▶ [ASSIGNMENT]: Locate the line that contains "(mat [:0, 1:]" in the entries below, then repeat it and every following line through the line that contains "taking for \<open>P\<close>", exactly, and no others.

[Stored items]
*** Block opens ***
(* Let $\mathbf{X}\in\mathbb{R}^{D\times n}$ have rank $r\ge 1$, and let $\beta_1,\dots,\beta_r>0$ be the strictly positive eigenvalues of $\mathbf{X}^{\top}\mathbf{X}$ (with multiplicity). Let $\lambda$ be a random variable uniformly distributed on $[0,1]$, and for $\lambda>0$ set $\mathbf{C}^{\star}=(\mathbf{X}^{\top}\mathbf{X}+\lambda\mathbf{I}_n)^{-1}\mathbf{X}^{\top}\mathbf{X}$. Then there exists a matrix $\mathbf{P}\in\mathbb{R}^{n\times r}$ with $\mathbf{P}^{\top}\mathbf{P}=\mathbf{I}_r$ and $\operatorname{rank}(\mathbf{P})=\operatorname{rank}(\mathbf{C}^{\star})=r$ (almost surely in $\lambda$) such that for every $\delta>0$, $$\Pr\big(\|\mathbf{C}^{\star}-\mathbf{P}\mathbf{P}^{\top}\|_F^2\ge\delta\big)\le\frac{1}{\delta}\sum_{i=1}^{r}g(\beta_i),\qquad g(\beta)=\frac{2\beta+1}{\beta+1}+2\beta\ln\!\Big(\frac{\beta}{\beta+1}\Big).$$
   Context: $\|\cdot\|_F$ is the Frobenius norm; $\mathbf{I}_k$ is the $k\times k$ identity matrix. The event $\lambda=0$ has probability zero and may be ignored. *)

theory Defs
  imports "HOL-Analysis.Analysis" "HOL-Computational_Algebra.Polynomial"
begin

definition frob_norm :: "real^'n^'m \<Rightarrow> real" where
  "frob_norm A = sqrt (\<Sum>i\<in>UNIV. \<Sum>j\<in>UNIV. (A$i$j)^2)"

definition charpoly :: "real^'n^'n \<Rightarrow> real poly" where
  "charpoly A = det (mat [:0, 1:] - (\<chi> i j. [:A$i$j:]))"

definition g_fun :: "real \<Rightarrow> real" where
  "g_fun b = (2*b + 1) / (b + 1) + 2 * b * ln (b / (b + 1))"

end

theory Submission
  imports Defs
begin

text \<open>Diagonalise \<open>X\<^sup>T X = Q diag(\<beta>) Q\<^sup>T\<close> with \<open>Q\<close> orthogonal; the spectral theorem is proved by the
  variational argument (a maximiser of \<open>y \<bullet> A y\<close> on the unit sphere of an \<open>A\<close>-invariant subspace is an
  eigenvector). For \<open>\<lambda> > 0\<close> the ridge matrix is then \<open>C = Q diag(\<beta>\<^sub>k / (\<beta>\<^sub>k + \<lambda>)) Q\<^sup>T\<close>, and
  taking for \<open>P\<close> the columns of \<open>Q\<close> with \<open>\<beta>\<^sub>k > 0\<close> gives \<open>P P\<^sup>T = Q diag([\<beta>\<^sub>k > 0]) Q\<^sup>T\<close>. Hence
  \<open>\<parallel>C - P P\<^sup>T\<parallel>\<^sub>F\<^sup>2\<close> is the sum of \<open>(\<lambda> / (\<beta>\<^sub>k + \<lambda>))\<^sup>2\<close> over \<open>\<beta>\<^sub>k > 0\<close>, whose integral over
  \<open>\<lambda> \<in> [0,1]\<close> is the sum of the \<open>g(\<beta>\<^sub>k)\<close>, and Markov's inequality for the uniform distribution
  gives the bound. The characteristic polynomial is \<open>\<Prod>\<^sub>k (x - \<beta>\<^sub>k)\<close>, so summing over its
  positive roots weighted by their order is summing over the positive \<open>\<beta>\<^sub>k\<close>.\<close>

definition diag_mat :: "('n \<Rightarrow> 'a::zero) \<Rightarrow> 'a^'n^'n" where
  "diag_mat d = (\<chi> i j. if i = j then d i else 0)"
lemma real_analytic_at_taylor_fps:
  assumes "real_analytic_at h x0"
  shows "fps_conv_radius (taylor_fps h x0) > 0"
    and "eventually (\<lambda>y. h (x0 + y) = eval_fps (taylor_fps h x0) y) (nhds 0)"
proof -
  obtain r c where r: "r > 0" and c: "\<And>x. \<bar>x - x0\<bar> < r \<Longrightarrow> (\<lambda>n. c n * (x - x0) ^ n) sums h x"
    using assms unfolding real_analytic_at_def by blast
  define H where "H = Abs_fps c"
  have "ereal r \<le> fps_conv_radius H"
    unfolding fps_conv_radius_def H_def fps_nth_Abs_fps
  proof (rule conv_radius_geI_ex')
    fix \<rho> :: real assume "0 < \<rho>" "ereal \<rho> < ereal r"
    with c[of "x0 + \<rho>"] show "summable (\<lambda>n. c n * of_real \<rho> ^ n)" by (simp add: sums_iff)
  qed
  with r have radius: "fps_conv_radius H > 0"
    by (metis ereal_less(2) order_less_le_trans)
  have expansion: "h x = eval_fps H (x - x0)" if "\<bar>x - x0\<bar> < r" for x
    using c[OF that] unfolding eval_fps_def H_def by (simp add: sums_iff)
  have "eventually (\<lambda>x. h x = eval_fps H (x - x0)) (nhds x0)"
    unfolding eventually_nhds_metric dist_real_def using r expansion by blast
  hence "(deriv ^^ m) h x0 = (deriv ^^ m) (\<lambda>x. eval_fps H (x - x0)) x0" for m
    by (intro higher_deriv_cong_ev refl)
  hence "taylor_fps h x0 = H"
    by (simp add: fps_eq_iff taylor_fps_def higher_deriv_eval_fps_centered[OF radius])
  moreover have "eventually (\<lambda>y. h (x0 + y) = eval_fps H y) (nhds 0)"
    unfolding eventually_nhds_metric dist_real_def
    using r expansion[of "x0 + _"] by (intro exI[of _ r]) auto
  ultimately show "fps_conv_radius (taylor_fps h x0) > 0"
    and "eventually (\<lambda>y. h (x0 + y) = eval_fps (taylor_fps h x0) y) (nhds 0)"
    using radius by simp_all
qed

lemma fps_conv_radius_sum:
  fixes F :: "'i \<Rightarrow> 'a :: {banach, real_normed_div_algebra} fps"
  assumes "\<And>i. i \<in> I \<Longrightarrow> r \<le> fps_conv_radius (F i)"
  shows "r \<le> fps_conv_radius (\<Sum>i\<in>I. F i)"
  using assms
proof (induction I rule: infinite_finite_induct)
  case (insert i I)
  hence "r \<le> min (fps_conv_radius (F i)) (fps_conv_radius (\<Sum>i\<in>I. F i))"
    by simp
  hence "r \<le> fps_conv_radius (F i + (\<Sum>i\<in>I. F i))"
    using fps_conv_radius_add order_trans by blast
  thus ?case
    using insert.hyps by simp
qed simp_all

lemma eval_fps_sum:
  fixes F :: "'i \<Rightarrow> 'a :: {banach, real_normed_div_algebra} fps"
  assumes "finite I" "ereal (norm z) < r" "\<And>i. i \<in> I \<Longrightarrow> r \<le> fps_conv_radius (F i)"
  shows "eval_fps (\<Sum>i\<in>I. F i) z = (\<Sum>i\<in>I. eval_fps (F i) z)"
  using assms
proof (induction I rule: finite_induct)
  case (insert i I)
  have "r \<le> fps_conv_radius (\<Sum>i\<in>I. F i)"
    using insert.prems by (intro fps_conv_radius_sum) auto
  hence "ereal (norm z) < fps_conv_radius (\<Sum>i\<in>I. F i)"
    using insert.prems(1) by (rule order_less_le_trans[rotated])
  moreover have "ereal (norm z) < fps_conv_radius (F i)"
    using insert.prems by (blast intro: order_less_le_trans)
  ultimately show ?case
    using insert by (simp add: eval_fps_add)
qed simp

lemma eval_fps_eq_truncation_plus_shift:
  fixes H :: "'a :: {banach, real_normed_field} fps"
  assumes "ereal (norm y) < fps_conv_radius H"
  shows "eval_fps H y = (\<Sum>m<K. fps_nth H m * y ^ m) + y ^ K * eval_fps (fps_shift K H) y"
proof -
  have "(\<lambda>i. fps_nth H (i + K) * y ^ (i + K)) sums (eval_fps H y - (\<Sum>m<K. fps_nth H m * y ^ m))"
    using sums_eval_fps[OF assms] by (subst sums_iff_shift) simp
  moreover have "(\<lambda>i. fps_nth H (i + K) * y ^ (i + K)) sums (y ^ K * eval_fps (fps_shift K H) y)"
    using sums_mult[OF sums_eval_fps[of y "fps_shift K H"], of "y ^ K"] assms
    by (simp add: power_add mult_ac)
  ultimately have "eval_fps H y - (\<Sum>m<K. fps_nth H m * y ^ m) = y ^ K * eval_fps (fps_shift K H) y"
    by (rule sums_unique2)
  thus ?thesis
    by (simp add: algebra_simps)
qed

lemma fps_nth_eq_0_if_eval_fps_eq_power_mult:
  fixes D :: "real fps" and W :: "real \<Rightarrow> real"
  assumes radius: "fps_conv_radius D > 0" and W: "(W \<longlongrightarrow> w) (at_right 0)"
    and eval: "eventually (\<lambda>s. eval_fps D s = s ^ K * W s) (at_right 0)"
  shows "n < K \<Longrightarrow> fps_nth D n = 0"
proof (induction n rule: less_induct)
  case (less n)
  define E where "E = fps_shift n D"
  have D_eq: "D = fps_X ^ n * E"
  proof -
    have "fps_cutoff n D = 0"
      using less by (simp add: fps_eq_iff)
    thus ?thesis
      using fps_shift_cutoff'[of n D] by (simp add: E_def)
  qed
  have radius_E: "fps_conv_radius E > 0"
    using radius by (simp add: E_def)
  have "eventually (\<lambda>s. s > 0) (at_right (0::real))"
    by (simp add: eventually_at_right_less)
  moreover have "eventually (\<lambda>s::real. ereal (norm s) < fps_conv_radius E) (at_right 0)"
    using eventually_norm_less_fps_conv_radius[OF radius_E] by (rule filter_leD[OF at_within_le_nhds])
  ultimately have eval_E: "eventually (\<lambda>s. eval_fps E s = s ^ (K - n) * W s) (at_right 0)"
    using eval
  proof eventually_elim
    case (elim s)
    hence "s ^ n * eval_fps E s = s ^ n * (s ^ (K - n) * W s)"
      using less(2) by (simp add: D_eq eval_fps_mult power_add[symmetric])
    thus ?case using elim by simp
  qed
  have "((\<lambda>s. s ^ (K - n) * W s) \<longlongrightarrow> 0 ^ (K - n) * w) (at_right 0)"
    by (intro tendsto_intros W)
  moreover have "(0::real) ^ (K - n) * w = 0"
    using less(2) by simp
  ultimately have "((\<lambda>s. s ^ (K - n) * W s) \<longlongrightarrow> 0) (at_right 0)"
    by simp
  hence "(eval_fps E \<longlongrightarrow> 0) (at_right 0)"
    using tendsto_cong[OF eval_E] by simp
  moreover have "(eval_fps E \<longlongrightarrow> fps_nth E 0) (at_right 0)"
    by (rule tendsto_eval_fps_at_0[OF radius_E])
  ultimately have "0 = fps_nth E 0"
    by (rule tendsto_unique[OF trivial_limit_at_right_real])
  thus ?case
    by (simp add: E_def)
qed

lemma fps_conv_radius_const_mult_power:
  fixes G :: "'a :: {banach, real_normed_field} fps"
  shows "fps_conv_radius G \<le> fps_conv_radius (fps_const c * G ^ m)"
  using fps_conv_radius_mult[of "fps_const c" "G ^ m"] fps_conv_radius_power[of G m] by simp

lemma fps_conv_radius_truncated_compose:
  fixes H G :: "'a :: {banach, real_normed_field} fps"
  shows "fps_conv_radius G \<le> fps_conv_radius (\<Sum>m<K. fps_const (fps_nth H m) * G ^ m)"
  by (intro fps_conv_radius_sum fps_conv_radius_const_mult_power)

lemma eval_fps_compose_eq_truncated_plus_shift:
  fixes H G :: "'a :: {banach, real_normed_field} fps"
  assumes s: "ereal (norm s) < fps_conv_radius G"
    and G_s: "ereal (norm (eval_fps G s)) < fps_conv_radius H"
  shows "eval_fps H (eval_fps G s) = eval_fps (\<Sum>m<K. fps_const (fps_nth H m) * G ^ m) s +
    eval_fps G s ^ K * eval_fps (fps_shift K H) (eval_fps G s)"
proof -
  have "eval_fps (\<Sum>m<K. fps_const (fps_nth H m) * G ^ m) s =
      (\<Sum>m<K. eval_fps (fps_const (fps_nth H m) * G ^ m) s)"
    using s by (intro eval_fps_sum[where r = "fps_conv_radius G"] fps_conv_radius_const_mult_power) auto
  also have "\<dots> = (\<Sum>m<K. fps_nth H m * eval_fps G s ^ m)"
    using s fps_conv_radius_power[of G]
    by (intro sum.cong refl) (simp add: eval_fps_mult eval_fps_power order_less_le_trans)
  finally show ?thesis
    using eval_fps_eq_truncation_plus_shift[OF G_s, where K = K] by simp
qed

text \<open>The k-th coefficient of H oo G involves only the coefficients of H up to k; truncating H
  after them changes H(G(s)) by a multiple of G(s)^(k+1) = O(s^(k+1)), which cannot affect the
  coefficients of P up to k.\<close>

lemma eval_fps_compose_eqD:
  fixes P H G :: "real fps"
  assumes radius_P: "fps_conv_radius P > 0" and radius_H: "fps_conv_radius H > 0"
    and radius_G: "fps_conv_radius G > 0" and G0: "fps_nth G 0 = 0"
    and eval: "eventually (\<lambda>s. eval_fps P s = eval_fps H (eval_fps G s)) (at_right 0)"
  shows "P = H oo G"
proof (rule fps_ext)
  fix k
  define K where "K = Suc k"
  define A where "A = (\<Sum>m<K. fps_const (fps_nth H m) * G ^ m)"
  define V where "V = fps_shift 1 G"
  define W where "W = (\<lambda>s. eval_fps V s ^ K * eval_fps (fps_shift K H) (eval_fps G s))"
  have "fps_cutoff 1 G = 0"
    using G0 by (simp add: fps_eq_iff)
  hence G_eq: "G = fps_X * V"
    using fps_shift_cutoff'[of 1 G] by (simp add: V_def)
  have radius_A: "fps_conv_radius G \<le> fps_conv_radius A"
    unfolding A_def by (rule fps_conv_radius_truncated_compose)
  have radius_V: "fps_conv_radius V = fps_conv_radius G"
    by (simp add: V_def)
  have "fps_nth (P - A) k = 0"
  proof (rule fps_nth_eq_0_if_eval_fps_eq_power_mult)
    have "0 < min (fps_conv_radius P) (fps_conv_radius A)"
      using radius_P radius_G radius_A by (auto intro: order_less_le_trans)
    thus "fps_conv_radius (P - A) > 0"
      using fps_conv_radius_diff by (rule order_less_le_trans)
    have cont_G: "isCont (eval_fps G) 0" and cont_V: "isCont (eval_fps V) 0"
      using radius_G radius_V by (auto intro!: continuous_eval_fps simp: zero_ereal_def)
    have "isCont (eval_fps (fps_shift K H)) (eval_fps G 0)"
      using radius_H G0 by (intro continuous_eval_fps) (simp add: eval_fps_at_0 zero_ereal_def)
    with cont_G have "isCont (\<lambda>s. eval_fps (fps_shift K H) (eval_fps G s)) 0"
      by (rule isCont_o2)
    with cont_V have "isCont W 0"
      unfolding W_def by (intro isCont_mult isCont_power)
    thus "(W \<longlongrightarrow> W 0) (at_right 0)"
      by (simp add: isCont_def filterlim_at_split)
    have "(eval_fps G \<longlongrightarrow> 0) (at_right 0)"
      using tendsto_eval_fps_at_0[OF radius_G] G0 by simp
    hence "eventually (\<lambda>s. ereal (norm (eval_fps G s)) < fps_conv_radius H) (at_right 0)"
      by (rule eventually_compose_filterlim[OF eventually_norm_less_fps_conv_radius[OF radius_H]])
    moreover have "eventually (\<lambda>s::real. ereal (norm s) < fps_conv_radius G) (at_right 0)"
      using eventually_norm_less_fps_conv_radius[OF radius_G] by (rule filter_leD[OF at_within_le_nhds])
    moreover have "eventually (\<lambda>s::real. ereal (norm s) < fps_conv_radius P) (at_right 0)"
      using eventually_norm_less_fps_conv_radius[OF radius_P] by (rule filter_leD[OF at_within_le_nhds])
    ultimately show "eventually (\<lambda>s. eval_fps (P - A) s = s ^ K * W s) (at_right 0)"
      using eval
    proof eventually_elim
      case (elim s)
      have "eval_fps (P - A) s = eval_fps H (eval_fps G s) - eval_fps A s"
        using elim radius_A by (simp add: eval_fps_diff order_less_le_trans)
      also have "\<dots> = eval_fps G s ^ K * eval_fps (fps_shift K H) (eval_fps G s)"
        using eval_fps_compose_eq_truncated_plus_shift[OF elim(2,1), where K = K] by (simp add: A_def)
      also have "\<dots> = s ^ K * W s"
        using elim(2) radius_V by (simp add: W_def G_eq eval_fps_mult power_mult_distrib)
      finally show ?case .
    qed
  qed (simp add: K_def)
  moreover have "fps_nth A k = fps_nth (H oo G) k"
    by (simp add: A_def K_def fps_sum_nth fps_compose_nth atLeast0AtMost lessThan_Suc_atMost)
  ultimately show "fps_nth P k = fps_nth (H oo G) k"
    by simp
qed

lemma fps_nth_fps_binomial_minus_one_power:
  "fps_nth ((fps_binomial \<gamma> - 1) ^ m) k = (-1) ^ m * C_coeff \<gamma> m k"
proof -
  have "(-1 :: real fps) = fps_const (-1)"
    by (simp flip: fps_const_neg)
  hence minus_one_power: "(-1 :: real fps) ^ j = fps_const ((-1) ^ j)" for j
    by (simp only: fps_const_power)
  have "(fps_binomial \<gamma> - 1) ^ m = fps_const ((-1) ^ m) * (1 - fps_binomial \<gamma>) ^ m"
    unfolding power_minus[of "1 - fps_binomial \<gamma>", symmetric] minus_one_power[symmetric] by simp
  also have "(1 - fps_binomial \<gamma>) ^ m = (\<Sum>j\<le>m. of_nat (m choose j) * (- fps_binomial \<gamma>) ^ j)"
    using binomial_ring[of "- fps_binomial \<gamma>" 1 m] by simp
  also have "\<dots> = (\<Sum>j\<le>m. fps_const ((-1) ^ j * real (m choose j)) * fps_binomial (real j * \<gamma>))"
  proof (intro sum.cong refl)
    fix j
    have "(- fps_binomial \<gamma>) ^ j = fps_const ((-1) ^ j) * fps_binomial (real j * \<gamma>)"
      unfolding power_minus[of "fps_binomial \<gamma>"] minus_one_power fps_binomial_power ..
    thus "of_nat (m choose j) * (- fps_binomial \<gamma>) ^ j =
        fps_const ((-1) ^ j * real (m choose j)) * fps_binomial (real j * \<gamma>)"
      by (simp add: fps_of_nat[symmetric] mult_ac)
  qed
  finally show ?thesis
    by (simp add: C_coeff_def fps_sum_nth sum_distrib_left mult_ac)
qed

lemma fps_binomial_compose_linear_sums:
  fixes c s \<gamma> :: real
  assumes "\<bar>c * s\<bar> < 1"
  shows "(\<lambda>n. fps_nth (fps_binomial \<gamma> oo (fps_const c * fps_X)) n * s ^ n) sums (1 + c * s) powr \<gamma>"
proof -
  have "(\<lambda>n. fps_nth (fps_binomial \<gamma> oo (fps_const c * fps_X)) n * s ^ n) =
      (\<lambda>n. (\<gamma> gchoose n) * (c * s) ^ n)"
    by (simp add: fun_eq_iff power_mult_distrib)
  thus ?thesis
    using gen_binomial_real[OF assms] by simp
qed
lemma emeasure_moment_measure:
  assumes "A \<in> sets borel"
  shows "emeasure (moment_measure idx \<epsilon>) A = emeasure lborel {t\<in>{0<..<\<epsilon>}. moment_curve idx t \<in> A}"
proof -
  have "moment_curve idx \<in> restrict_space lborel {0<..<\<epsilon>} \<rightarrow>\<^sub>M borel"
    by (intro measurable_restrict_space1)
      (simp add: borel_measurable_continuous_onI continuous_on_moment_curve)
  then have "emeasure (moment_measure idx \<epsilon>) A
      = emeasure (restrict_space lborel {0<..<\<epsilon>}) (moment_curve idx -` A \<inter> {0<..<\<epsilon>})"
    unfolding moment_measure_def using assms by (simp add: emeasure_distr space_restrict_space)
  also have "\<dots> = emeasure lborel {t\<in>{0<..<\<epsilon>}. moment_curve idx t \<in> A}"
    by (subst emeasure_restrict_space) (auto intro!: arg_cong[where f = "emeasure lborel"])
  finally show ?thesis .
qed

lemma emeasure_moment_measure_UNIV:
  "0 \<le> \<epsilon> \<Longrightarrow> emeasure (moment_measure idx \<epsilon>) UNIV = ennreal \<epsilon>"
  by (simp add: emeasure_moment_measure del: greaterThanLessThan_iff)

lemma finite_measure_moment_measure:
  assumes "0 \<le> \<epsilon>"
  shows "finite_measure (moment_measure idx \<epsilon>)"
proof -
  have "space (moment_measure idx \<epsilon>) = UNIV" by (simp add: moment_measure_def)
  then show ?thesis by (intro finite_measureI) (simp add: emeasure_moment_measure_UNIV assms)
qed

lemma emeasure_moment_measure_hyperplane:
  assumes "inj idx" "a \<noteq> 0"
  shows "emeasure (moment_measure idx \<epsilon>) {x. a \<bullet> x = c} = 0"
proof -
  have "{t\<in>{0<..<\<epsilon>}. moment_curve idx t \<in> {x. a \<bullet> x = c}} = moment_crossings idx \<epsilon> a c"
    by (simp add: moment_crossings_def)
  then show ?thesis
    using finite_moment_crossings[OF assms]
    by (simp add: emeasure_moment_measure closed_hyperplane emeasure_lborel_countable countable_finite)
qed
lemma edist_triangle: "edist d u w \<le> edist d u v + edist d v w"
proof -
  have L2: "edist d a b = L2_set (\<lambda>i. a i - b i) {..<d}" for a b
    unfolding edist_def L2_set_def by simp
  have "edist d u w = L2_set (\<lambda>i. (u i - v i) + (v i - w i)) {..<d}"
    unfolding L2 by simp
  also have "\<dots> \<le> edist d u v + edist d v w"
    unfolding L2 by (rule L2_set_triangle_ineq)
  finally show ?thesis .
qed

lemma powr_le_two_powr_mult_add:
  fixes a b t z :: real
  assumes "0 \<le> a" "0 \<le> b" "0 \<le> t" "t \<le> a + b" "0 \<le> z"
  shows "t powr z \<le> 2 powr z * (a powr z + b powr z)"
proof -
  have "t powr z \<le> (2 * max a b) powr z"
    using assms by (intro powr_mono2) auto
  also have "\<dots> = 2 powr z * max a b powr z"
    using assms by (simp add: powr_mult)
  also have "max a b powr z \<le> a powr z + b powr z"
    by (simp add: max_def)
  finally show ?thesis
    by simp
qed

lemma cost_nonneg:
  assumes "finite C" "C \<noteq> {}"
  shows "0 \<le> cost d z X C"
  unfolding cost_def using assms by (intro sum_nonneg) (simp add: Min_ge_iff)

lemma cost_le_sum_assignment:
  assumes "finite C" "\<And>y. y \<in> X \<Longrightarrow> f y \<in> C"
  shows "cost d z X C \<le> (\<Sum>y\<in>X. edist d y (f y) powr z)"
  unfolding cost_def using assms by (intro sum_mono Min_le) auto

lemma cost_eq_sum_nearest_assignment:
  assumes "finite Q" "nearest_assignment d X Q \<sigma>" "0 \<le> z"
  shows "cost d z X Q = (\<Sum>y\<in>X. edist d y (\<sigma> y) powr z)"
  unfolding cost_def
proof (rule sum.cong)
  fix y assume "y \<in> X"
  then have "\<sigma> y \<in> Q" "\<forall>c\<in>Q. edist d y (\<sigma> y) \<le> edist d y c"
    using assms(2) unfolding nearest_assignment_def by auto
  then show "Min ((\<lambda>c. edist d y c powr z) ` Q) = edist d y (\<sigma> y) powr z"
    using assms(1,3) edist_nonneg by (intro Min_eqI) (auto intro: powr_mono2)
qed simp

lemma nearest_assignment_exists:
  assumes "finite Q" "Q \<noteq> {}"
  shows "\<exists>\<sigma>. nearest_assignment d X Q \<sigma>"
proof -
  have "\<exists>c\<in>Q. \<forall>c'\<in>Q. edist d y c \<le> edist d y c'" for y
    using arg_min_if_finite[OF assms, of "edist d y"] by (meson not_le)
  then show ?thesis
    unfolding nearest_assignment_def by metis
qed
*** Block closes ***
▶ [YOUR RESPONSE]:
  "charpoly A = det (mat [:0, 1:] - (\<chi> i j. [:A$i$j:]))"

definition g_fun :: "real \<Rightarrow> real" where
  "g_fun b = (2*b + 1) / (b + 1) + 2 * b * ln (b / (b + 1))"

end

theory Submission
  imports Defs
begin

text \<open>Diagonalise \<open>X\<^sup>T X = Q diag(\<beta>) Q\<^sup>T\<close> with \<open>Q\<close> orthogonal; the spectral theorem is proved by the
  variational argument (a maximiser of \<open>y \<bullet> A y\<close> on the unit sphere of an \<open>A\<close>-invariant subspace is an
  eigenvector). For \<open>\<lambda> > 0\<close> the ridge matrix is then \<open>C = Q diag(\<beta>\<^sub>k / (\<beta>\<^sub>k + \<lambda>)) Q\<^sup>T\<close>, and
  taking for \<open>P\<close> the columns of \<open>Q\<close> with \<open>\<beta>\<^sub>k > 0\<close> gives \<open>P P\<^sup>T = Q diag([\<beta>\<^sub>k > 0]) Q\<^sup>T\<close>. Hence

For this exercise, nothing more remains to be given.